In the records below, find the line with "fixes n1 n2 \<alpha>' \<beta>' p q :: real" and the line with "ennreal C *". Print both exactly, along with every line between them, and no other line.
───── Dataset extract
theorem lemma2p4:
  fixes n1 n2 \<alpha>' \<beta>' p q :: real
  assumes "n1 > 1" and "n2 > 1"
    and "\<beta>' \<ge> 0" and "\<alpha>' > 0"
    and "1 < p"
    and "if \<beta>' > 0 \<and> p / (p - 1) \<ge> n1 / \<beta>'
         then q \<ge> n2 / \<alpha>'
         else (\<alpha>' + \<beta>' - n1 / (p / (p - 1)) > 0 \<and> q \<ge> n2 / (\<alpha>' + \<beta>' - n1 / (p / (p - 1))))"
  shows "\<exists>C::real. \<forall>f. f \<in> borel_measurable (radial_measure n1)
            \<and> lorentz_p1 (radial_measure n1) p f < \<infinity> \<longrightarrow>
           R2 n1 \<alpha>' \<beta>' f \<in> borel_measurable (radial_measure n2)
           \<and> lorentz_qinf (radial_measure n2) q (R2 n1 \<alpha>' \<beta>' f)
               \<le> ennreal C * lorentz_p1 (radial_measure n1) p f"
proof -
  have n1: "0 < n1" and n2: "1 \<le> n2"
    using assms(1,2) by simp_all
  obtain \<gamma> where \<gamma>: "0 < \<gamma>" "\<gamma> \<le> \<alpha>'" "\<gamma> \<le> \<alpha>' + \<beta>' - (n1 - n1/p)" "n2 / \<gamma> \<le> q"
    using admissible_decay_exponent[OF n1 assms(3-6)] by blast
  show ?thesis
  proof (rule exI[of _ "1 + p/n1"], intro allI impI conjI)
    fix f :: "real \<Rightarrow> real"
    assume "f \<in> borel_measurable (radial_measure n1) \<and> lorentz_p1 (radial_measure n1) p f < \<infinity>"
    then have f [measurable]: "f \<in> borel_measurable borel" and fin: "lorentz_p1 (radial_measure n1) p f < \<infinity>"
      using measurable_cong_sets[OF sets_radial_measure refl] by auto
    then show "R2 n1 \<alpha>' \<beta>' f \<in> borel_measurable (radial_measure n2)"
      by measurable
    have "lorentz_qinf (radial_measure n2) q (R2 n1 \<alpha>' \<beta>' f)
        \<le> ennreal ((1 + p/n1) * enn2real (lorentz_p1 (radial_measure n1) p f))"
      using abs_R2_le[OF n1 assms(5) f fin \<gamma>(2,3)] R2_eq_0 n1 assms(5)
      by (intro lorentz_qinf_radial_measure_le[OF n2 \<gamma>(1,4)]) auto
    also have "\<dots> = ennreal (1 + p/n1) * lorentz_p1 (radial_measure n1) p f"
      using fin n1 assms(5) by (simp add: ennreal_mult)
    finally show "lorentz_qinf (radial_measure n2) q (R2 n1 \<alpha>' \<beta>' f)
        \<le> ennreal (1 + p/n1) * lorentz_p1 (radial_measure n1) p f" .
  qed
qed

end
──────────
:: Expected answer ::
  fixes n1 n2 \<alpha>' \<beta>' p q :: real
  assumes "n1 > 1" and "n2 > 1"
    and "\<beta>' \<ge> 0" and "\<alpha>' > 0"
    and "1 < p"
    and "if \<beta>' > 0 \<and> p / (p - 1) \<ge> n1 / \<beta>'
         then q \<ge> n2 / \<alpha>'
         else (\<alpha>' + \<beta>' - n1 / (p / (p - 1)) > 0 \<and> q \<ge> n2 / (\<alpha>' + \<beta>' - n1 / (p / (p - 1))))"
  shows "\<exists>C::real. \<forall>f. f \<in> borel_measurable (radial_measure n1)
            \<and> lorentz_p1 (radial_measure n1) p f < \<infinity> \<longrightarrow>
           R2 n1 \<alpha>' \<beta>' f \<in> borel_measurable (radial_measure n2)
           \<and> lorentz_qinf (radial_measure n2) q (R2 n1 \<alpha>' \<beta>' f)
               \<le> ennreal C * lorentz_p1 (radial_measure n1) p f"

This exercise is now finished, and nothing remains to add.